[Dataset entries]
::::::

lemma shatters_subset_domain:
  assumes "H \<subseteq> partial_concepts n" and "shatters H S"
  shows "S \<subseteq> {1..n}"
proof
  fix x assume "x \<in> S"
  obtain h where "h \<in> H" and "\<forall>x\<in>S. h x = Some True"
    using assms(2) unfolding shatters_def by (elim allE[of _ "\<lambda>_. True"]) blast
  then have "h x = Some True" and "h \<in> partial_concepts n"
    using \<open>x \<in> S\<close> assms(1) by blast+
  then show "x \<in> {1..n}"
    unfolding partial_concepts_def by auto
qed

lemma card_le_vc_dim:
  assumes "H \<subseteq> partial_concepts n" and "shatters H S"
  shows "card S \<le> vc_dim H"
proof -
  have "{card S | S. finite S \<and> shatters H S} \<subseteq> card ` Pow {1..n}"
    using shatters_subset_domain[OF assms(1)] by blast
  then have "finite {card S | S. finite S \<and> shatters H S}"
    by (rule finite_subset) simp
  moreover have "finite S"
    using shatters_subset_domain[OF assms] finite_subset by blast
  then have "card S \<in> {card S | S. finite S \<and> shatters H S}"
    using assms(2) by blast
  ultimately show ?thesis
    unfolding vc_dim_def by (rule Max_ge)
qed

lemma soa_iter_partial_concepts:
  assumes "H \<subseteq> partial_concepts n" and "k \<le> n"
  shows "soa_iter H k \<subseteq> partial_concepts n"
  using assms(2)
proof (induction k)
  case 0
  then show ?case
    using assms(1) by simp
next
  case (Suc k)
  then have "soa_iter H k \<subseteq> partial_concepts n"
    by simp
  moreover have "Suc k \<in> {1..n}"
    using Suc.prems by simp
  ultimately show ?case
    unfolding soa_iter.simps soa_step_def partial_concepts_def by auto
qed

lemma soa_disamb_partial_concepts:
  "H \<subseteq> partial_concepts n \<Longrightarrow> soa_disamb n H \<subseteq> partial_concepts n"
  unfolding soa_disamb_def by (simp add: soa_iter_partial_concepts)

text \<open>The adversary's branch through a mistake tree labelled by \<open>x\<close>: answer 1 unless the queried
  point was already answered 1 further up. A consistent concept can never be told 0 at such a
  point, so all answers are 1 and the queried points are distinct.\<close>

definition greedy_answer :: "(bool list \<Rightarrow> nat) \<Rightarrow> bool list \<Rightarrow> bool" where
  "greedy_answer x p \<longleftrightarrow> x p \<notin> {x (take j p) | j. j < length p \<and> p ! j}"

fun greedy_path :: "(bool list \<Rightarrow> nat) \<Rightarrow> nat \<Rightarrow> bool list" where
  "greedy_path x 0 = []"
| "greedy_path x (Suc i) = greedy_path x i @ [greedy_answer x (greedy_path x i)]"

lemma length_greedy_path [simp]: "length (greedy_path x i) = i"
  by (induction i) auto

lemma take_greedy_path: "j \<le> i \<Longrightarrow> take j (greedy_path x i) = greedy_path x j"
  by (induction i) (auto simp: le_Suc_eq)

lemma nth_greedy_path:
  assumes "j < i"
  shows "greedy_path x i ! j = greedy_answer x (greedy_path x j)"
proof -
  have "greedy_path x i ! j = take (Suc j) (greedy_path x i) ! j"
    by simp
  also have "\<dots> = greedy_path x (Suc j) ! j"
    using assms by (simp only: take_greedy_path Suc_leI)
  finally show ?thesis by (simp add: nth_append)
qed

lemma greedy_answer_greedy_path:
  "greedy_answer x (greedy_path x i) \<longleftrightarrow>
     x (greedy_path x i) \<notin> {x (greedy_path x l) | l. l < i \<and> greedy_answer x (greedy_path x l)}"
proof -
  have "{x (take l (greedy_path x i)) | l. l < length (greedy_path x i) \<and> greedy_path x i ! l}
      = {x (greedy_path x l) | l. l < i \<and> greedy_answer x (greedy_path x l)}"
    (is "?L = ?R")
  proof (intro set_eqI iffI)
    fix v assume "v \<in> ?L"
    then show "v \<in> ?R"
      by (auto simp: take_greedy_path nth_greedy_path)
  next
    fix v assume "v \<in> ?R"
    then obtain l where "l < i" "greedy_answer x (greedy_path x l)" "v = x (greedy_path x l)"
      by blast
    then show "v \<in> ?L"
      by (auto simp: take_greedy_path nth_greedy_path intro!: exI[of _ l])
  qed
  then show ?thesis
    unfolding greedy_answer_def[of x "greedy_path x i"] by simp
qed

::::::

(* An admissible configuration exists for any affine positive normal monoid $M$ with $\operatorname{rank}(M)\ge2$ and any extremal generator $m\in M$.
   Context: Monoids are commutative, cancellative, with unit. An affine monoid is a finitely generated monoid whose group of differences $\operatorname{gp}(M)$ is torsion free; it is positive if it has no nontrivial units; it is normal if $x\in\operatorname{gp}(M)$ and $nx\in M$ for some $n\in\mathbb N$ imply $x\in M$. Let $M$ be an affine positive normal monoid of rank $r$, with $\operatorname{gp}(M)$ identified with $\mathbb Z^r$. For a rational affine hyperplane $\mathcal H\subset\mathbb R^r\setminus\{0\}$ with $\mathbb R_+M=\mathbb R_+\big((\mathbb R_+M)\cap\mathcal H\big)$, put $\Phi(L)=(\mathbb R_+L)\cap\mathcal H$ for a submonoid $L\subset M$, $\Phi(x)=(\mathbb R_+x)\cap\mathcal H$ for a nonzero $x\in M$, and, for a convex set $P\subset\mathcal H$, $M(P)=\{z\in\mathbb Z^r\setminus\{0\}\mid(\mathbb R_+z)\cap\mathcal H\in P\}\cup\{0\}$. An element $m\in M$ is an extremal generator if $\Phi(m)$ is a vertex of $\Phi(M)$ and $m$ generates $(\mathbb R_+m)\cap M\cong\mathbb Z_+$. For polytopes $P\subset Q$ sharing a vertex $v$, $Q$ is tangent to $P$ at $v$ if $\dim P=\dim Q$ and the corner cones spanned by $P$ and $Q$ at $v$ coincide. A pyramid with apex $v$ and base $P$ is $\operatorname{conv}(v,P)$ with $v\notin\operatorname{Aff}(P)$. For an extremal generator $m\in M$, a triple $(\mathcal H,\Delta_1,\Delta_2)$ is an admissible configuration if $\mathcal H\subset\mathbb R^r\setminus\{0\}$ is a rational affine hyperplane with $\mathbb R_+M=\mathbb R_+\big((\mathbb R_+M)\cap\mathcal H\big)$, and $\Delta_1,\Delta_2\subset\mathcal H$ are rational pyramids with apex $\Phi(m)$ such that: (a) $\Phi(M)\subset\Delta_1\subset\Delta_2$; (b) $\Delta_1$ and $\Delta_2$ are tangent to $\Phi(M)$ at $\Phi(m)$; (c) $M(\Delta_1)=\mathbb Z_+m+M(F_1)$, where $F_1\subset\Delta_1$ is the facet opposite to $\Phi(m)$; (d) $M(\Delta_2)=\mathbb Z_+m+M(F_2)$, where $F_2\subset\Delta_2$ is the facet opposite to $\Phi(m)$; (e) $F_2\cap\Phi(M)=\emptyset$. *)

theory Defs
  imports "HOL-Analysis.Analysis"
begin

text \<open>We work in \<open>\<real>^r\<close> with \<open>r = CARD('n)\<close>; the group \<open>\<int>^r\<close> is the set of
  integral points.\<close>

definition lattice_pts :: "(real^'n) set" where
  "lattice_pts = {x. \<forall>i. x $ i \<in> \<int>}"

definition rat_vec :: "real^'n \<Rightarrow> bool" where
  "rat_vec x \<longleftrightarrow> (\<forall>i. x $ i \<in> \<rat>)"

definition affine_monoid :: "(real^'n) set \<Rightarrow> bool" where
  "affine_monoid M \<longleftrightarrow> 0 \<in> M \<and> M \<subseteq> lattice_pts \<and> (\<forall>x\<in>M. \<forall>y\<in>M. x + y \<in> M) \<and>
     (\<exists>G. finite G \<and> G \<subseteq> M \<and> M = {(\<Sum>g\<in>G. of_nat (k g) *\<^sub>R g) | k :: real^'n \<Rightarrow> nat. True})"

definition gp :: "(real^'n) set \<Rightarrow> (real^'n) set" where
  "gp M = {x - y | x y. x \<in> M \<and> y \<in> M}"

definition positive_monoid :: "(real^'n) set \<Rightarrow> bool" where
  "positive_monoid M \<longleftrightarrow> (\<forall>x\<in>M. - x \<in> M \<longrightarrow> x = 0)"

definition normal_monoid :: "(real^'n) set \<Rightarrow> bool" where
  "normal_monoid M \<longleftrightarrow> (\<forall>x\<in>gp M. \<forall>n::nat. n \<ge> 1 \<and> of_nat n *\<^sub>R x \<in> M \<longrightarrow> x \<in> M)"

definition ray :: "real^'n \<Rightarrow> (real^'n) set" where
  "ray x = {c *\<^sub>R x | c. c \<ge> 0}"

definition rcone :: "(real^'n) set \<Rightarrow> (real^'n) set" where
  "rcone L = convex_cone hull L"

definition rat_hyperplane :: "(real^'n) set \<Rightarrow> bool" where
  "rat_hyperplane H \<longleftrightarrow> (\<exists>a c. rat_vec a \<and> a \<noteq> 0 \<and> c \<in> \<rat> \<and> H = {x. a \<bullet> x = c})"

::::::

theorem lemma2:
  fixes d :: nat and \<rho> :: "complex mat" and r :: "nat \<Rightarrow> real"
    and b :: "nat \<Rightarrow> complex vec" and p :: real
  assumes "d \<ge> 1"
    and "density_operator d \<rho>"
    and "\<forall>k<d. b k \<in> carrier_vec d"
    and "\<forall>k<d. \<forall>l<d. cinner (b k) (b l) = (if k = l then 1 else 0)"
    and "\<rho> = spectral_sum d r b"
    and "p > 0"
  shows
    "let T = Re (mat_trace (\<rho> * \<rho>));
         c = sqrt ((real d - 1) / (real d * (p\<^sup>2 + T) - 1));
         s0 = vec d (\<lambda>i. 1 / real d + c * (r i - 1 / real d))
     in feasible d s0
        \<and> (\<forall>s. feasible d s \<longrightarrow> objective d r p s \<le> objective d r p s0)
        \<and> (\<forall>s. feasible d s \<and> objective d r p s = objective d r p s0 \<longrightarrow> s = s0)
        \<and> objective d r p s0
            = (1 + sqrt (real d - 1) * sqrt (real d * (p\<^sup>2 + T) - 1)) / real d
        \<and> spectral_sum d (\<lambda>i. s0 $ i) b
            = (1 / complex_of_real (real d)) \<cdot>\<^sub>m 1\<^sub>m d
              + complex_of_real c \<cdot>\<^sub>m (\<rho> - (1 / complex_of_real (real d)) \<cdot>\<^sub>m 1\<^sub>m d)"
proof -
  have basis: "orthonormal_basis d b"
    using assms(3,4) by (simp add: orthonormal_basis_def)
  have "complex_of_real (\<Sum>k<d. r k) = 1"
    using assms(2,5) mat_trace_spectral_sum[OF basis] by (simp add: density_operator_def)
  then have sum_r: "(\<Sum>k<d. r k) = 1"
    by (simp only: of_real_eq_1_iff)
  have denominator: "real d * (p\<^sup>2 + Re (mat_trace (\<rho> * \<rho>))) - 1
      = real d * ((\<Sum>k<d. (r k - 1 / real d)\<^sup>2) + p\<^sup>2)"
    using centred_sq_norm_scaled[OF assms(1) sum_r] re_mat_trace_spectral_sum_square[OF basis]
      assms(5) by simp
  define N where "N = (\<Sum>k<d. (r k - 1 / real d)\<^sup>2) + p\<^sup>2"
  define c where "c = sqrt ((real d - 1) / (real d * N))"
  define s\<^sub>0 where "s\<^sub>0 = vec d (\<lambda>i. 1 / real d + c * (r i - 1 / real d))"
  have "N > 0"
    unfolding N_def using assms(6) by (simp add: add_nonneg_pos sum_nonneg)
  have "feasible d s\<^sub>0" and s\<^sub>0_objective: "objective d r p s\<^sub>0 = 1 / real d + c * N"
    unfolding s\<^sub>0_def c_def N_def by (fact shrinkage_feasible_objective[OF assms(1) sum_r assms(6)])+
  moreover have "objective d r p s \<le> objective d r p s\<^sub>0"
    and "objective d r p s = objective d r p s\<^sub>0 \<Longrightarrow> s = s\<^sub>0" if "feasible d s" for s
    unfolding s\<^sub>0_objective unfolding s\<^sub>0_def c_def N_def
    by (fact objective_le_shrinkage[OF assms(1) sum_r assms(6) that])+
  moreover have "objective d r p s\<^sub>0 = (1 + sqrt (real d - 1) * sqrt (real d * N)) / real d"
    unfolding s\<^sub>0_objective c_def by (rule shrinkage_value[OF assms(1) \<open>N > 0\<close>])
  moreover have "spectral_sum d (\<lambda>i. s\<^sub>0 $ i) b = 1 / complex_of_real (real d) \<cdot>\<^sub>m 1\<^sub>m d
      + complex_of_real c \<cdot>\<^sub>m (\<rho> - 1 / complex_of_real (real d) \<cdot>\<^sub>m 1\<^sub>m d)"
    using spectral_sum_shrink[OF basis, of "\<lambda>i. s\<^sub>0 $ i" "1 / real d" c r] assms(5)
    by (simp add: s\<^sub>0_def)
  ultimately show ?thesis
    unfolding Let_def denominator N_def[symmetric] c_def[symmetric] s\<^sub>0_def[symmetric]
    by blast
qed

::::::

## Exercise description:
Starting at the line above that contains "x | c. c \<ge>", write out each line exactly until the line that contains "H \<longleftrightarrow> (\<exists>a" has been written, and stop there.

## Output:
  "ray x = {c *\<^sub>R x | c. c \<ge> 0}"

definition rcone :: "(real^'n) set \<Rightarrow> (real^'n) set" where
  "rcone L = convex_cone hull L"

definition rat_hyperplane :: "(real^'n) set \<Rightarrow> bool" where
  "rat_hyperplane H \<longleftrightarrow> (\<exists>a c. rat_vec a \<and> a \<noteq> 0 \<and> c \<in> \<rat> \<and> H = {x. a \<bullet> x = c})"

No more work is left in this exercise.